Min samples leaf =  2
Prediction performance on training set:  0.8292970690511674
Prediction performance on testing set:  0.8258196721311475

Min samples leaf =  3
Prediction performance on training set:  0.8292970690511674
Prediction performance on testing set:  0.8257265275707899

Min samples leaf =  5
Prediction performance on training set:  0.8292970690511674
Prediction performance on testin

**NOTE:** When `max_depth` is 2, changing `min_samples_leaf` has no impact on the performance of the model on testing dataset in this case. However, increasing `max_depth`, improves the accuracy of the model on the training dataset. The accuracy of the model on the testing data is quite the same.

#### c.

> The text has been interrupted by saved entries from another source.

lemma sum_nonid_permutes_fixpoints_le:
  fixes B :: "'k set \<Rightarrow> real"
  assumes P: "finite P" and B: "\<And>A. A \<subseteq> P \<Longrightarrow> B A \<ge> 0"
  shows "(\<Sum>\<sigma>\<in>{\<sigma>. \<sigma> permutes P} - {id}. B {k\<in>P. \<sigma> k = k})
       \<le> (\<Sum>A\<in>{A. A \<subseteq> P \<and> card A \<le> card P - 2}. B A * fact (card P - card A))"
proof -
  let ?Q = "{\<sigma>. \<sigma> permutes P} - {id}"
  let ?\<A> = "{A. A \<subseteq> P \<and> card A \<le> card P - 2}"
  have fin: "finite ?\<A>" by (rule finite_subset[of _ "Pow P"]) (auto simp: P)
  have img: "(\<lambda>\<sigma>. {k\<in>P. \<sigma> k = k}) ` ?Q \<subseteq> ?\<A>"
    using card_fixpoints_permutes_le[OF _ P] by auto
  have "(\<Sum>\<sigma>\<in>?Q. B {k\<in>P. \<sigma> k = k})
      = (\<Sum>A\<in>?\<A>. \<Sum>\<sigma>\<in>{\<sigma>\<in>?Q. {k\<in>P. \<sigma> k = k} = A}. B {k\<in>P. \<sigma> k = k})"
    by (rule sum.group[symmetric, OF _ fin img]) (simp add: finite_permutations P)
  also have "\<dots> \<le> (\<Sum>A\<in>?\<A>. B A * fact (card P - card A))"
  proof (rule sum_mono)
    fix A assume A: "A \<in> ?\<A>"
    let ?Q\<^sub>A = "{\<sigma>\<in>?Q. {k\<in>P. \<sigma> k = k} = A}"
    have "?Q\<^sub>A \<subseteq> {\<sigma>. \<sigma> permutes P \<and> {k\<in>P. \<sigma> k = k} = A}" by blast
    then have "card ?Q\<^sub>A \<le> card {\<sigma>. \<sigma> permutes P \<and> {k\<in>P. \<sigma> k = k} = A}"
      by (rule card_mono[rotated]) (simp add: finite_permutations P)
    also have "\<dots> \<le> fact (card P - card A)"
      using A P by (intro card_permutes_with_fixpoints_le) auto
    finally have "real (card ?Q\<^sub>A) \<le> real (fact (card P - card A))"
      by (rule of_nat_mono)
    then have card_le: "real (card ?Q\<^sub>A) \<le> fact (card P - card A)"
      by (simp only: of_nat_fact)
    have "(\<Sum>\<sigma>\<in>?Q\<^sub>A. B {k\<in>P. \<sigma> k = k}) = (\<Sum>\<sigma>\<in>?Q\<^sub>A. B A)"
      by (rule sum.cong) auto
    also have "\<dots> = real (card ?Q\<^sub>A) * B A"
      by (rule sum_constant)
    also have "\<dots> \<le> fact (card P - card A) * B A"
      using A by (intro mult_right_mono card_le B) auto
    finally show "(\<Sum>\<sigma>\<in>?Q\<^sub>A. B {k\<in>P. \<sigma> k = k}) \<le> B A * fact (card P - card A)"
      by (simp only: mult.commute)
  qed
  finally show ?thesis .
qed


section \<open>Sign vectors\<close>

definition sign_vectors :: "'i set \<Rightarrow> ('i \<Rightarrow> real) set" where
  "sign_vectors I = PiE_dflt I 0 (\<lambda>_. {-1, 1})"

lemma sign_vectors_iff:
  "\<delta> \<in> sign_vectors I \<longleftrightarrow> (\<forall>i. (i \<in> I \<longrightarrow> \<delta> i \<in> {-1, 1}) \<and> (i \<notin> I \<longrightarrow> \<delta> i = 0))"
  unfolding sign_vectors_def PiE_dflt_def by auto

lemma finite_sign_vectors: "finite I \<Longrightarrow> finite (sign_vectors I)"
  unfolding sign_vectors_def by (rule finite_PiE_dflt) auto

lemma card_sign_vectors: "finite I \<Longrightarrow> card (sign_vectors I) = 2 ^ card I"
  unfolding sign_vectors_def by (subst card_PiE_dflt) (auto simp: numeral_2_eq_2)

lemma sign_vectors_mult_self: "\<delta> \<in> sign_vectors I \<Longrightarrow> i \<in> I \<Longrightarrow> \<delta> i * \<delta> i = 1"
  unfolding sign_vectors_iff by auto

lemma sign_vectors_mult:
  "\<delta> \<in> sign_vectors I \<Longrightarrow> \<delta>' \<in> sign_vectors I \<Longrightarrow> (\<lambda>i. \<delta> i * \<delta>' i) \<in> sign_vectors I"
  unfolding sign_vectors_iff by force

lemma sum_sign_vectors_mult:
  assumes "a \<in> I" and "b \<in> I"
  shows "(\<Sum>\<delta>\<in>sign_vectors I. \<delta> a * \<delta> b) = (if a = b then real (card (sign_vectors I)) else 0)"
proof (cases "a = b")
  case True
  then show ?thesis using sign_vectors_mult_self[OF _ assms(1)] by simp
next
  case False
  have "(\<Sum>\<delta>\<in>sign_vectors I. \<delta> a * \<delta> b)
      = (\<Sum>\<delta>\<in>sign_vectors I. (\<delta>(a := - \<delta> a)) a * (\<delta>(a := - \<delta> a)) b)"
    by (rule sum.reindex_bij_witness[of _ "\<lambda>\<delta>. \<delta>(a := - \<delta> a)" "\<lambda>\<delta>. \<delta>(a := - \<delta> a)"])
       (use assms in \<open>auto simp: sign_vectors_iff\<close>)
  also have "\<dots> = - (\<Sum>\<delta>\<in>sign_vectors I. \<delta> a * \<delta> b)"
    using False by (simp add: sum_negf)
  finally show ?thesis using False by simp
qed

lemma expectation_rademacher:
  assumes I: "finite I"
  shows "measure_pmf.expectation (rademacher I) F
       = (\<Sum>\<delta>\<in>sign_vectors I. F \<delta>) / real (card (sign_vectors I))"
proof -
  have set: "set_pmf (rademacher I) = sign_vectors I"
    unfolding rademacher_def sign_vectors_def using I by (simp add: set_Pi_pmf o_def)
  have pmf: "pmf (rademacher I) \<delta> = 1 / real (card (sign_vectors I))" if "\<delta> \<in> sign_vectors I" for \<delta>
  proof -
    have "pmf (rademacher I) \<delta> = (\<Prod>i\<in>I. pmf (pmf_of_set {-1, 1::real}) (\<delta> i))"
      unfolding rademacher_def using I that by (subst pmf_Pi) (auto simp: sign_vectors_iff)
    also have "\<dots> = (\<Prod>i\<in>I. 1 / 2)"
      using that by (intro prod.cong refl) (auto simp: sign_vectors_iff)
    finally show ?thesis using card_sign_vectors[OF I] by (simp add: power_one_over)
  qed
  have "measure_pmf.expectation (rademacher I) F = (\<Sum>\<delta>\<in>sign_vectors I. F \<delta> * pmf (rademacher I) \<delta>)"
    by (rule integral_measure_pmf_real) (auto simp: set finite_sign_vectors I)
  then show ?thesis by (simp add: pmf sum_divide_distrib)
qed

lemma sum_PiE_coordinate:
  fixes G :: "'b \<Rightarrow> real"
  assumes K: "finite K" "k \<in> K" and V: "finite V"
  shows "(\<Sum>\<epsilon>\<in>K \<rightarrow>\<^sub>E V. G (\<epsilon> k)) = real (card V) ^ (card K - 1) * (\<Sum>\<delta>\<in>V. G \<delta>)"
proof -
  let ?h = "\<lambda>j \<delta>. if j = k then G \<delta> else 1"
  have "(\<Sum>\<epsilon>\<in>K \<rightarrow>\<^sub>E V. G (\<epsilon> k)) = (\<Sum>\<epsilon>\<in>K \<rightarrow>\<^sub>E V. \<Prod>j\<in>K. ?h j (\<epsilon> j))"
    using K by (intro sum.cong refl) (simp add: prod.delta)
  also have "\<dots> = (\<Prod>j\<in>K. \<Sum>\<delta>\<in>V. ?h j \<delta>)"
    by (rule prod_sum_PiE[symmetric]) (use K V in auto)
  also have "\<dots> = (\<Sum>\<delta>\<in>V. G \<delta>) * (\<Prod>j\<in>K - {k}. real (card V))"
    using K by (subst prod.remove[of _ k]) (auto intro!: prod.cong)
  finally show ?thesis using K by (simp add: card_Diff_singleton)
qed

text \<open>Multiplying one row of a sign array by another row is a bijection of sign arrays.\<close>

lemma sum_PiE_sign_vectors_twist:
  assumes "j \<in> K" and "k \<in> K" and "j \<noteq> k"
  shows "(\<Sum>\<epsilon>\<in>K \<rightarrow>\<^sub>E sign_vectors I. G (\<lambda>i. \<epsilon> k i * \<epsilon> j i))
       = (\<Sum>\<epsilon>\<in>K \<rightarrow>\<^sub>E sign_vectors I. G (\<epsilon> k))"
proof -
  let ?t = "\<lambda>\<epsilon>. \<epsilon>(k := \<lambda>i. \<epsilon> k i * \<epsilon> j i)"
  have rows: "\<epsilon> j \<in> sign_vectors I" "\<epsilon> k \<in> sign_vectors I" if "\<epsilon> \<in> K \<rightarrow>\<^sub>E sign_vectors I" for \<epsilon>
    using PiE_mem[OF that assms(1)] PiE_mem[OF that assms(2)] by simp_all
  have closed: "?t \<epsilon> \<in> K \<rightarrow>\<^sub>E sign_vectors I" if "\<epsilon> \<in> K \<rightarrow>\<^sub>E sign_vectors I" for \<epsilon>
  proof -
    have "?t \<epsilon> \<in> insert k K \<rightarrow>\<^sub>E sign_vectors I"
      using sign_vectors_mult[OF rows(2,1)[OF that]] that by (rule PiE_fun_upd)
    then show ?thesis by (simp only: insert_absorb[OF assms(2)])
  qed
  have involution: "?t (?t \<epsilon>) = \<epsilon>" if "\<epsilon> \<in> K \<rightarrow>\<^sub>E sign_vectors I" for \<epsilon>
  proof -
    have row_k: "(\<lambda>i. \<epsilon> k i * \<epsilon> j i * \<epsilon> j i) = \<epsilon> k"
    proof
      fix i
      show "\<epsilon> k i * \<epsilon> j i * \<epsilon> j i = \<epsilon> k i"
      proof (cases "i \<in> I")
        case True
        then show ?thesis
          using sign_vectors_mult_self[OF rows(1)[OF that] True] by (simp add: mult.assoc)
      next
        case False
        then show ?thesis using rows(2)[OF that] by (simp add: sign_vectors_iff)
      qed
    qed
    have "?t (?t \<epsilon>) = \<epsilon>(k := \<lambda>i. \<epsilon> k i * \<epsilon> j i * \<epsilon> j i)"
      using assms(3) by simp
    then show ?thesis by (simp only: row_k fun_upd_triv)
  qed
  show ?thesis
  proof (rule sum.reindex_bij_witness[of _ ?t ?t])
    fix \<epsilon> assume \<epsilon>: "\<epsilon> \<in> K \<rightarrow>\<^sub>E sign_vectors I"
    show "?t (?t \<epsilon>) = \<epsilon>" "?t (?t \<epsilon>) = \<epsilon>" by (fact involution[OF \<epsilon>])+
    show "?t \<epsilon> \<in> K \<rightarrow>\<^sub>E sign_vectors I" "?t \<epsilon> \<in> K \<rightarrow>\<^sub>E sign_vectors I" by (fact closed[OF \<epsilon>])+
    show "G ((?t \<epsilon>) k) = G (\<lambda>i. \<epsilon> k i * \<epsilon> j i)" by simp
  qed
qed
definition restrict :: "var list \<Rightarrow> hsubst \<Rightarrow> hsubst" where
  "restrict bs th = filter (\<lambda>p. fst p \<notin> set bs) th"

text \<open>Going under binders bs: bound variables shadow the domain; the substitution is
  capture-avoiding: if a bound variable occurs free in the range, it is undefined.\<close>
definition under :: "var list \<Rightarrow> hsubst \<Rightarrow> hsubst option" where
  "under bs th = (if set bs \<inter> rfv (restrict bs th) = {} then Some (restrict bs th) else None)"

text \<open>Hereditary substitution with a fuel argument (None when fuel is exhausted or the
  substitution is undefined); the actual operation is obtained by taking enough fuel.\<close>
function hs_t :: "nat \<Rightarrow> hsubst \<Rightarrow> tp \<Rightarrow> tp option"
and hs_n :: "nat \<Rightarrow> hsubst \<Rightarrow> nrm \<Rightarrow> nrm option"
and hs_s :: "nat \<Rightarrow> hsubst \<Rightarrow> sub \<Rightarrow> sub option"
and hs_se :: "nat \<Rightarrow> hsubst \<Rightarrow> se \<Rightarrow> se option"
and hs_c :: "nat \<Rightarrow> hsubst \<Rightarrow> ctx \<Rightarrow> ctx option"
and hs_ce :: "nat \<Rightarrow> hsubst \<Rightarrow> ce \<Rightarrow> ce option" where
  "hs_t 0 th T = None"
| "hs_t (Suc n) th T = (case T of
       TSort s \<Rightarrow> Some (TSort s)
     | TConst a \<Rightarrow> Some (TConst a)
     | TApp P G N \<Rightarrow>
         do { P' \<leftarrow> hs_t n th P; th' \<leftarrow> under G th; N' \<leftarrow> hs_n n th' N; Some (TApp P' G N') }
     | TPi x A Phi B \<Rightarrow>
         do { Phi' \<leftarrow> hs_c n th Phi; thA \<leftarrow> under (names Phi) th; A' \<leftarrow> hs_t n thA A;
              thB \<leftarrow> under [x] th; B' \<leftarrow> hs_t n thB B; Some (TPi x A' Phi' B') })"
| "hs_n 0 th M = None"
| "hs_n (Suc n) th M = (case M of
       NVar x sigma \<Rightarrow>
         do { sigma' \<leftarrow> hs_s n th sigma;
              (case map_of th x of
                 None \<Rightarrow> Some (NVar x sigma')
               | Some (SRen y) \<Rightarrow> Some (NVar y sigma')
               | Some (SEnt k G N) \<Rightarrow>
                   (if length G = length sigma' then hs_n n (zip G sigma') N else None)) }
     | NConst c \<Rightarrow> Some (NConst c)
     | NApp R G N \<Rightarrow>
         do { R' \<leftarrow> hs_n n th R; th' \<leftarrow> under G th; N' \<leftarrow> hs_n n th' N;
              (case R' of
                 NLam x M \<Rightarrow> hs_n n [(x, SEnt (lvl x) G N')] M
               | _ \<Rightarrow> Some (NApp R' G N')) }
     | NLam x M \<Rightarrow>
         do { th' \<leftarrow> under [x] th; M' \<leftarrow> hs_n n th' M; Some (NLam x M') })"
| "hs_s 0 th sigma = None"
| "hs_s (Suc n) th sigma = (case sigma of
       [] \<Rightarrow> Some []
     | e # sigma0 \<Rightarrow>
         do { e' \<leftarrow> hs_se n th e; sigma' \<leftarrow> hs_s n th sigma0; Some (e' # sigma') })"
| "hs_se 0 th e = None"
| "hs_se (Suc n) th e = (case e of
       SEnt k G M \<Rightarrow> do { th' \<leftarrow> under G th; M' \<leftarrow> hs_n n th' M; Some (SEnt k G M') }
     | SRen y \<Rightarrow> (case map_of th y of None \<Rightarrow> Some (SRen y) | Some e' \<Rightarrow> Some e'))"
| "hs_c 0 th G = None"
| "hs_c (Suc n) th G = (case G of
       [] \<Rightarrow> Some []
     | e # G0 \<Rightarrow>
         do { G' \<leftarrow> hs_c n th G0; th' \<leftarrow> under (names G0) th; e' \<leftarrow> hs_ce n th' e;
              Some (e' # G') })"
| "hs_ce 0 th e = None"
| "hs_ce (Suc n) th e = (case e of
       CE x A G \<Rightarrow>
         do { G' \<leftarrow> hs_c n th G; th' \<leftarrow> under (names G) th; A' \<leftarrow> hs_t n th' A;
              Some (CE x A' G') })"
  by pat_completeness auto
termination
  by (relation "measure (case_sum (case_sum fst (case_sum fst fst)) (case_sum fst (case_sum fst fst)))") auto

definition with_fuel :: "(nat \<Rightarrow> 'a option) \<Rightarrow> 'a option" where
  "with_fuel f = (if \<exists>n. f n \<noteq> None then f (LEAST n. f n \<noteq> None) else None)"

definition hsub_tp :: "hsubst \<Rightarrow> tp \<Rightarrow> tp option" where
  "hsub_tp th A = with_fuel (\<lambda>n. hs_t n th A)"
definition hsub_ctx :: "hsubst \<Rightarrow> ctx \<Rightarrow> ctx option" where
  "hsub_ctx th G = with_fuel (\<lambda>n. hs_c n th G)"
definition hsub_ce :: "hsubst \<Rightarrow> ce \<Rightarrow> ce option" where
  "hsub_ce th e = with_fuel (\<lambda>n. hs_ce n th e)"

definition sub_for :: "sub \<Rightarrow> ctx \<Rightarrow> hsubst" where
  "sub_for sigma Phi = zip (names Phi) sigma"
(* Let $G$ be a finite abelian group, $M$ a $\mathbb{Z}[G]$-lattice and $r\ge1$. Then the map $P$ restricts to an isomorphism of $\mathbb{Z}[G]$-modules \[ \wedge_0^rM\xrightarrow{\ \sim\ }(M,G)^r_\star . \]
   Context: A $\mathbb{Z}[G]$-lattice is a finitely generated $\mathbb{Z}[G]$-module that is free as a $\mathbb{Z}$-module; write $m^\sigma$ for the action of $\sigma\in G$ on $m\in M$. For a $\mathbb{Z}[G]$-module $N$ write $\mathbb{Q}N=\mathbb{Q}\otimes_{\mathbb{Z}}N$ and $N[G]=N\otimes_{\mathbb{Z}}\mathbb{Z}[G]$. Let $G$ act on $(\bigotimes^r_{\mathbb{Z}}M)[G]$ by $\sigma(m_1\otimes\dots\otimes m_r\otimes[\tau])=m_1\otimes\dots\otimes m_r\otimes[\sigma\tau]$, and for $\sigma\in G$ let $c_\sigma(m_1\otimes\dots\otimes m_r\otimes[\tau])=m_1^\sigma\otimes m_2\otimes\dots\otimes m_r\otimes[\tau]$. The symmetric group $\mathfrak{S}_r$ acts on $(\bigotimes^rM)[G]$ by permuting the tensor factors of $\bigotimes^rM$; $m$ is antisymmetric if $fm=\mathrm{sgn}(f)m$ for all $f\in\mathfrak S_r$. Define $(M,G)^r_\star=\{m\in(\bigotimes^r_{\mathbb{Z}}M)[G]: m\text{ antisymmetric and }c_\sigma(m)=\sigma m\ \forall\sigma\in G\}$. For $\varphi_1,\dots,\varphi_r\in\mathrm{Hom}_{\mathbb{Z}[G]}(M,\mathbb{Z}[G])$ let $\varphi_1\wedge\dots\wedge\varphi_r$ be the map $\mathbb{Q}\wedge^r_{\mathbb{Z}[G]}M\to\mathbb{Q}[G]$, $m_1\wedge\dots\wedge m_r\mapsto\det(\varphi_i(m_j))$. Rubin's lattice is $\wedge_0^rM=\{m\in\mathbb{Q}\wedge^r_{\mathbb{Z}[G]}M:(\varphi_1\wedge\dots\wedge\varphi_r)(m)\in\mathbb{Z}[G]\ \forall\varphi_1,\dots,\varphi_r\}$. Define the $\mathbb{Z}[G]$-linear map $P:\mathbb{Q}\wedge^r_{\mathbb{Z}[G]}M\to\mathbb{Q}(\bigotimes^r_{\mathbb{Z}}M)[G]$ by $P(m_1\wedge\dots\wedge m_r)=\sum_{f\in\mathfrak S_r}\mathrm{sgn}(f)\bigotimes_{j=1}^r\Big(\sum_{\sigma\in G}m_{f(j)}^{\sigma^{-1}}[\sigma]\Big)$, where for elements $\sum_\sigma a_{j,\sigma}[\sigma]\in M[G]$ ($1\le j\le r$) their tensor $\bigotimes_j$ means $\sum_{\sigma_1,\dots,\sigma_r}a_{1,\sigma_1}\otimes\dots\otimes a_{r,\sigma_r}[\sigma_1\cdots\sigma_r]$. *)

theory Defs
  imports "HOL-Library.Poly_Mapping" "HOL-Combinatorics.Permutations" "Jordan_Normal_Form.Determinant"
begin
lemma card_clique_le_clique_number:
  assumes "finite V" "is_clique V E C"
  shows "card C \<le> clique_number V E"
proof -
  have "{card C | C. is_clique V E C} \<subseteq> card ` Pow V"
    by (auto simp: is_clique_def)
  then have "finite {card C | C. is_clique V E C}"
    by (rule finite_subset) (simp add: assms(1))
  then show ?thesis
    unfolding clique_number_def using assms(2) by (auto intro: Max_ge)
qed

lemma clique_paths_through:
  assumes "Bk_EPG_rep k V E P"
  shows "is_clique V E (paths_through V P f)"
  using assms by (auto simp: is_clique_def paths_through_def Bk_EPG_rep_def)

lemma Bk_EPG_edge_shares_initial_edge:
  assumes rep: "Bk_EPG_rep k V E P" and "u \<in> V" "v \<in> V" "u \<noteq> v" "E u v"
  obtains f where "f \<in> initial_edges (P u)" "f \<in> path_grid_edges (P v)"
    | f where "f \<in> initial_edges (P v)" "f \<in> path_grid_edges (P u)"
proof -
  let ?S = "path_grid_edges (P u) \<inter> path_grid_edges (P v)"
  obtain g where g: "g \<in> ?S"
    using rep assms(2-5) by (auto simp: Bk_EPG_rep_def)
  then obtain i where i: "Suc i < length (P u)" "g = {P u ! i, P u ! Suc i}"
    by (auto simp: path_grid_edges_def)
  moreover have "grid_adj (P u ! i) (P u ! Suc i)"
    using rep \<open>u \<in> V\<close> i(1) by (auto simp: Bk_EPG_rep_def grid_path_def)
  ultimately obtain p d where d: "d \<in> axis_dirs" "g = {p, p + d}"
    using grid_adj_axis_edge by metis
  obtain q where q: "{q, q + d} \<in> ?S" "{q - d, q} \<notin> ?S"
    using finite_edge_set_has_first_edge[of ?S p d] g d axis_dir_weight[OF d(1)]
    by (auto simp: finite_path_grid_edges)
  then show thesis
    using d(1) that unfolding initial_edges_def by blast
qed

lemma graph_edges_subset_charged_edges:
  assumes "Bk_EPG_rep k V E P" "\<And>u. \<not> E u u"
  shows "graph_edges V E \<subseteq> (\<Union>w\<in>V. charged_edges V P w)"
proof
  fix e assume "e \<in> graph_edges V E"
  then obtain u v where e: "e = {u, v}" and uv: "u \<in> V" "v \<in> V" "E u v"
    by (auto simp: graph_edges_def)
  have "u \<noteq> v"
    using assms(2) uv(3) by blast
  from assms(1) uv(1,2) \<open>u \<noteq> v\<close> uv(3) show "e \<in> (\<Union>w\<in>V. charged_edges V P w)"
  proof (cases rule: Bk_EPG_edge_shares_initial_edge)
    case (1 f)
    then have "v \<in> paths_through V P f - {u}"
      using uv \<open>u \<noteq> v\<close> by (simp add: paths_through_def)
    then have "e \<in> charged_edges V P u"
      unfolding charged_edges_def e using 1(1) by blast
    then show ?thesis using uv(1) by blast
  next
    case (2 f)
    then have "u \<in> paths_through V P f - {v}"
      using uv \<open>u \<noteq> v\<close> by (simp add: paths_through_def)
    moreover have "e = {v, u}"
      using e by blast
    ultimately have "e \<in> charged_edges V P v"
      unfolding charged_edges_def using 2(1) by blast
    then show ?thesis using uv(2) by blast
  qed
qed

lemma finite_charged_edges: "finite V \<Longrightarrow> finite (charged_edges V P w)"
  by (simp add: charged_edges_def paths_through_def finite_initial_edges)

lemma card_charged_edges_le:
  assumes rep: "Bk_EPG_rep k V E P" and "finite V" "w \<in> V"
  shows "card (charged_edges V P w) \<le> (k + 1) * (clique_number V E - 1)"
proof -
  have card_sharers: "card (paths_through V P f - {w}) \<le> clique_number V E - 1"
    if "f \<in> initial_edges (P w)" for f
  proof -
    have "w \<in> paths_through V P f"
      using that \<open>w \<in> V\<close> initial_edges_subset by (auto simp: paths_through_def)
    moreover have "card (paths_through V P f) \<le> clique_number V E"
      using card_clique_le_clique_number[OF \<open>finite V\<close> clique_paths_through[OF rep]] .
    ultimately show ?thesis
      by (simp add: card_Diff_singleton_if)
  qed
  have "card (charged_edges V P w)
      \<le> (\<Sum>f\<in>initial_edges (P w). card ((\<lambda>x. {w, x}) ` (paths_through V P f - {w})))"
    unfolding charged_edges_def by (rule card_UN_le[OF finite_initial_edges])
  also have "\<dots> \<le> (\<Sum>f\<in>initial_edges (P w). clique_number V E - 1)"
  proof (rule sum_mono)
    fix f assume "f \<in> initial_edges (P w)"
    have "card ((\<lambda>x. {w, x}) ` (paths_through V P f - {w})) \<le> card (paths_through V P f - {w})"
      by (rule card_image_le) (simp add: paths_through_def \<open>finite V\<close>)
    then show "card ((\<lambda>x. {w, x}) ` (paths_through V P f - {w})) \<le> clique_number V E - 1"
      using card_sharers[OF \<open>f \<in> initial_edges (P w)\<close>] by linarith
  qed
  also have "\<dots> = card (initial_edges (P w)) * (clique_number V E - 1)"
    by simp
  also have "\<dots> \<le> (k + 1) * (clique_number V E - 1)"
  proof (rule mult_right_mono)
    have "bends (P w) \<le> k"
      using rep \<open>w \<in> V\<close> by (simp add: Bk_EPG_rep_def)
    then show "card (initial_edges (P w)) \<le> k + 1"
      using card_initial_edges_le[of "P w"] by linarith
  qed simp
  finally show ?thesis .
qed

theorem lemma12:
  fixes k :: nat and V :: "'a set" and E :: "'a \<Rightarrow> 'a \<Rightarrow> bool"
  assumes "Bk_EPG k V E"
  shows "card (graph_edges V E) \<le> (k + 1) * (clique_number V E - 1) * card V"
proof -
  from assms obtain P where "finite V" "\<And>u. \<not> E u u" and rep: "Bk_EPG_rep k V E P"
    by (auto simp: Bk_EPG_def simple_graph_def)
  have "card (graph_edges V E) \<le> card (\<Union>w\<in>V. charged_edges V P w)"
    by (rule card_mono) (use graph_edges_subset_charged_edges[OF rep] \<open>\<And>u. \<not> E u u\<close> in
        \<open>simp_all add: finite_charged_edges \<open>finite V\<close>\<close>)
  also have "\<dots> \<le> (\<Sum>w\<in>V. card (charged_edges V P w))"
    by (rule card_UN_le[OF \<open>finite V\<close>])
  also have "\<dots> \<le> (\<Sum>w\<in>V. (k + 1) * (clique_number V E - 1))"
    by (rule sum_mono) (rule card_charged_edges_le[OF rep \<open>finite V\<close>])
  finally show ?thesis
    by (simp add: mult.commute)
qed

end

Naive Bayes

In [20]:
for classifier in [GaussianNB(), BernoulliNB(), MultinomialNB()]:
    print('\nModel = ', classifier.__class__.__name__)
    # fit the Naive Bayes on the credit risk training data
    classifier.fit(X_train, y_train)

    # predict on the training dataset 
    y_predicted = classifier.predict(X_train)
    print('Prediction performance on training set: ', accuracy_score(y_train,  y_predicted))
        
    # predict on the test dataset 
    y_predicted = classifier.predict(X_test)
    print('Prediction performance on testing set: ', accuracy_score(y_test,  y_predicted))


Model =  GaussianNB
Prediction performance on training set:  0.5703551912568307
Prediction performance on testing set:  0.5576564828614009

Model =  BernoulliNB
Prediction performance on training set:  0.7455911574764034
Prediction performance on testing set:  0.7449701937406855

Model =  MultinomialNB
Prediction performance on training set:  0.7826626924987581
Prediction performance on testing set:  0.7857675111773472


**NOTE:** Multinomial Naive Bayes is better than the other types of Naive Bayes classifier for this dataset.

In this tutorial, we learn that
- On the same dataset, different classifiers have different accuracy scores. 
- On the same dataset and same classifiers, changing the parameters, hyper-parameters, type of the classifier can (or cannot) improve the performance of the model.